Configuration Hierarchy & Best Practices¶

For clarity, here's a suggested way to think about configuration:

Prefect Blocks (Secrets & Infrastructure):
- Use for: All secrets (API keys, passwords, tokens), and definitions of infrastructure your flows run on (like the docker-container/local-worker-infra block for local execution).
- Why: Secure storage for secrets, standard way to define runtime environments. Easily manageable via UI or API.
Prefect Variables (Runtime Flow/Task Parameters - from configs/variables/*.yaml):
- Use for: Non-sensitive parameters that control the behavior of your deployed flows and tasks (e.g., URLs for data sources, file paths relative to a base defined elsewhere, batch sizes, feature flags, model names, query parameters).
- Why: Allows changing flow behavior without code changes, easily managed via UI or API after being set up by make setup-variables. Stored in Prefect backend, accessible by any worker.
.env File (at Project Root):
- Use for: Configuring the local Docker Compose environment (e.g., database credentials for the Prefect server's DB, PREFECT_SERVER_API_HOST).
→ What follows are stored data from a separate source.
(* Let $\sigma=\begin{pmatrix}\frac13&0\\0&\frac23\end{pmatrix}$. There exists an extreme point of the convex set $\mathcal{CP}(M_2,M_2;\sigma,\sigma)$ of Kraus rank $2$.
   Context: $M_n$ denotes the complex $n\times n$ matrices. For positive semidefinite $A\in M_{d_1}$, $B\in M_{d_2}$, $\mathcal{CP}(M_{d_1},M_{d_2};A,B)$ is the convex set of completely positive maps $\Phi:M_{d_1}\to M_{d_2}$ with $\Phi(I_{d_1})=B$ and $\Phi^*(I_{d_2})=A$ ($\Phi^*$ the Hilbert–Schmidt adjoint); equivalently $\Phi(X)=\sum_iK_iXK_i^\dagger$ with $\sum_iK_i^\dagger K_i=A$, $\sum_iK_iK_i^\dagger=B$. An extreme point of a convex set $\mathcal{K}$ is an element not expressible as $t\Phi_1+(1-t)\Phi_2$ with $t\in(0,1)$ and distinct $\Phi_1,\Phi_2\in\mathcal{K}$. The Kraus rank of a completely positive map is the minimal number of Kraus operators in a Kraus decomposition (equal to the rank of its Choi matrix). *)

theory Defs
  imports "HOL-Analysis.Analysis"
begin

type_synonym cmat2 = "complex^2^2"

definition cadj :: "cmat2 \<Rightarrow> cmat2" where
  "cadj A = (\<chi> i j. cnj (A $ j $ i))"

definition kraus_form :: "cmat2 list \<Rightarrow> (cmat2 \<Rightarrow> cmat2) \<Rightarrow> bool" where
  "kraus_form Ks \<Phi> \<longleftrightarrow> (\<forall>X. \<Phi> X = sum_list (map (\<lambda>K. K ** X ** cadj K) Ks))"

definition completely_positive :: "(cmat2 \<Rightarrow> cmat2) \<Rightarrow> bool" where
  "completely_positive \<Phi> \<longleftrightarrow> (\<exists>Ks. kraus_form Ks \<Phi>)"

definition hs_adjoint :: "(cmat2 \<Rightarrow> cmat2) \<Rightarrow> (cmat2 \<Rightarrow> cmat2)" where
  "hs_adjoint \<Phi> = (THE \<Psi>. \<forall>X Y. trace (cadj (\<Psi> Y) ** X) = trace (cadj Y ** \<Phi> X))"

definition CP_set :: "cmat2 \<Rightarrow> cmat2 \<Rightarrow> (cmat2 \<Rightarrow> cmat2) set" where
  "CP_set A B = {\<Phi>. completely_positive \<Phi> \<and> \<Phi> (mat 1) = B \<and> hs_adjoint \<Phi> (mat 1) = A}"

definition is_extreme_point :: "(cmat2 \<Rightarrow> cmat2) \<Rightarrow> (cmat2 \<Rightarrow> cmat2) set \<Rightarrow> bool" where
  "is_extreme_point \<Phi> K \<longleftrightarrow> \<Phi> \<in> K \<and>
     \<not> (\<exists>t. t \<in> ({0<..<1}::real set) \<and> ( \<exists>P1 \<in> K. \<exists>P2 \<in> K. P1 \<noteq> P2 \<and>
          \<Phi> = (\<lambda>X. t *\<^sub>R P1 X + (1 - t) *\<^sub>R P2 X)))"

definition kraus_rank :: "(cmat2 \<Rightarrow> cmat2) \<Rightarrow> nat" where
  "kraus_rank \<Phi> = (LEAST n. \<exists>Ks. length Ks = n \<and> kraus_form Ks \<Phi>)"

definition sigma :: cmat2 where
  "sigma = (\<chi> i j. if i = j then (if i = 0 then 1/3 else 2/3) else 0)"

end

theory Submission
  imports Defs
begin

text \<open>Let \<open>\<Phi>\<^sub>0 X = [[(x\<^sub>1\<^sub>1 + x\<^sub>2\<^sub>2)/3, x\<^sub>2\<^sub>1/3], [x\<^sub>1\<^sub>2/3, x\<^sub>1\<^sub>1/3]]\<close>, with Kraus operators
  \<open>E\<^sub>1\<^sub>1/\<surd>3\<close> and \<open>(E\<^sub>1\<^sub>2 + E\<^sub>2\<^sub>1)/\<surd>3\<close>; it is self-dual and maps \<open>I\<close> to \<open>\<sigma>\<close>.
  For a weight \<open>w\<close> on matrix entries, the quadratic form of the Choi matrix at \<open>w\<close> equals
  \<open>\<Sum>\<^sub>L |\<langle>w, L\<rangle>|\<^sup>2\<close> over any Kraus decomposition, so it is a nonnegative linear functional on
  completely positive maps. Choosing the two weights that detect \<open>L\<^sub>2\<^sub>2\<close> and \<open>L\<^sub>2\<^sub>1 - L\<^sub>1\<^sub>2\<close>, both
  functionals vanish at \<open>\<Phi>\<^sub>0\<close>, hence at both summands of any convex splitting of \<open>\<Phi>\<^sub>0\<close>.
  Maps whose Kraus operators all have the shape \<open>[[a, b], [b, 0]]\<close> have a Choi matrix determined
  by the image of \<open>I\<close>, so both summands equal \<open>\<Phi>\<^sub>0\<close>. Finally the Choi matrix of \<open>\<Phi>\<^sub>0\<close> has a
  nonsingular \<open>2 \<times> 2\<close> minor, which rules out a single Kraus operator.\<close>

lemma sum_list_vec_nth: "sum_list xs $ i = (\<Sum>x\<leftarrow>xs. x $ i)"
  by (induction xs) auto

lemma sum_list_sum_swap: "(\<Sum>x\<leftarrow>xs. \<Sum>i\<in>A. f x i) = (\<Sum>i\<in>A. \<Sum>x\<leftarrow>xs. f x i)"
  by (induction xs) (simp_all add: sum.distrib)

lemma of_real_sum_list: "of_real (\<Sum>x\<leftarrow>xs. f x) = (\<Sum>x\<leftarrow>xs. of_real (f x))"
  by (induction xs) auto

definition mat2 :: "complex \<Rightarrow> complex \<Rightarrow> complex \<Rightarrow> complex \<Rightarrow> cmat2" where
  "mat2 a b c d = (\<chi> i j. if i = 1 then (if j = 1 then a else b) else (if j = 1 then c else d))"

lemma mat2_nth [simp]:
  "mat2 a b c d $ 1 $ 1 = a" "mat2 a b c d $ 1 $ 2 = b"
  "mat2 a b c d $ 2 $ 1 = c" "mat2 a b c d $ 2 $ 2 = d"
  by (simp_all add: mat2_def)

lemma cmat2_eq_iff:
  "(A::cmat2) = B \<longleftrightarrow> A$1$1 = B$1$1 \<and> A$1$2 = B$1$2 \<and> A$2$1 = B$2$1 \<and> A$2$2 = B$2$2"
  by (auto simp: vec_eq_iff forall_2)

lemma matrix_mult_nth [simp]: "((A::cmat2) ** B) $ i $ k = A$i$1 * B$1$k + A$i$2 * B$2$k"
  by (simp add: matrix_matrix_mult_def sum_2)

lemma cadj_nth [simp]: "cadj A $ i $ j = cnj (A $ j $ i)"
  by (simp add: cadj_def)

lemma trace_cmat2: "trace (A::cmat2) = A$1$1 + A$2$2"
  by (simp add: trace_def sum_2)

lemma mat1_nth [simp]:
  "(mat 1 :: cmat2) $ 1 $ 1 = 1" "(mat 1 :: cmat2) $ 1 $ 2 = 0"
  "(mat 1 :: cmat2) $ 2 $ 1 = 0" "(mat 1 :: cmat2) $ 2 $ 2 = 1"
  by (simp_all add: mat_def)

text \<open>The indices of type \<open>2\<close> are \<open>1\<close> and \<open>2 = 0\<close>, so the entry \<open>1/3\<close> at index \<open>0\<close> in the
  definition of \<open>sigma\<close> is \<open>sigma $ 2 $ 2\<close>.\<close>

lemma sigma_nth [simp]:
  "sigma $ 1 $ 1 = 2/3" "sigma $ 1 $ 2 = 0" "sigma $ 2 $ 1 = 0" "sigma $ 2 $ 2 = 1/3"
  by (simp_all add: sigma_def)

lemma kraus_form_nth:
  "kraus_form Ls \<Psi> \<Longrightarrow> \<Psi> X $ i $ k = (\<Sum>L\<leftarrow>Ls. (L ** X ** cadj L) $ i $ k)"
  unfolding kraus_form_def by (simp add: sum_list_vec_nth o_def)

definition matrix_unit :: "2 \<Rightarrow> 2 \<Rightarrow> cmat2" where
  "matrix_unit j l = (\<chi> a b. if a = j \<and> b = l then 1 else 0)"

definition choi :: "(cmat2 \<Rightarrow> cmat2) \<Rightarrow> 2 \<Rightarrow> 2 \<Rightarrow> 2 \<Rightarrow> 2 \<Rightarrow> complex" where
  "choi \<Psi> i j k l = \<Psi> (matrix_unit j l) $ i $ k"

lemma matrix_unit_conjugate_nth: "(L ** matrix_unit j l ** cadj L) $ i $ k = L$i$j * cnj (L$k$l)"
  using exhaust_2[of j] exhaust_2[of l] by (auto simp: matrix_unit_def)

lemma kraus_form_choi:
  "kraus_form Ls \<Psi> \<Longrightarrow> choi \<Psi> i j k l = (\<Sum>L\<leftarrow>Ls. L$i$j * cnj (L$k$l))"
  unfolding choi_def by (simp only: kraus_form_nth matrix_unit_conjugate_nth)

lemma kraus_form_apply:
  assumes "kraus_form Ls \<Psi>"
  shows "\<Psi> X $ i $ k = (\<Sum>j\<in>UNIV. \<Sum>l\<in>UNIV. X$j$l * choi \<Psi> i j k l)"
proof -
  have "\<Psi> X $ i $ k = (\<Sum>L\<leftarrow>Ls. \<Sum>j\<in>UNIV. \<Sum>l\<in>UNIV. X$j$l * (L$i$j * cnj (L$k$l)))"
    using kraus_form_nth[OF assms] by (simp add: sum_2 algebra_simps)
  also have "\<dots> = (\<Sum>j\<in>UNIV. \<Sum>l\<in>UNIV. X$j$l * choi \<Psi> i j k l)"
    by (simp add: kraus_form_choi[OF assms] sum_list_sum_swap sum_list_const_mult)
  finally show ?thesis .
qed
Can also be used to pass environment variables into the worker container that your Python application code might read (e.g., via os.getenv() in config_ds.py if you want to allow overrides of DATA_DIR).
- Why: Standard Docker Compose practice, keeps local service configuration out of version control.
airnub_prefect_starter/data_science/config_ds.py (Python Module Config):
- Use for: Defining the structural layout of your project's data directories (PROJECT_ROOT, DATA_DIR, RAW_DATA_DIR, etc.) primarily for use by data science scripts and notebooks, and as a fallback or base for local demo storage in Prefect flows.
- Why: Provides Python-native, easily importable path constants for your scripts.

General Guidance:

Secrets always go in Prefect Blocks.
Parameters you want to easily change for a deployed flow without touching code go into YAML files for Prefect Variables.
Configure your local Docker services via the root .env file.
Define your project's data directory structure for data science work in data_science/config_ds.py.
Your Prefect flows and core logic can then intelligently combine these:
- Load a base URL from a Prefect Variable.
- Load an API key from a Prefect Secret Block.
- Know where to save a demo output file locally using a path derived from config_ds.DATA_DIR.

This layered approach provides flexibility and security, supporting both local development and preparing for more complex configurations as your project evolves.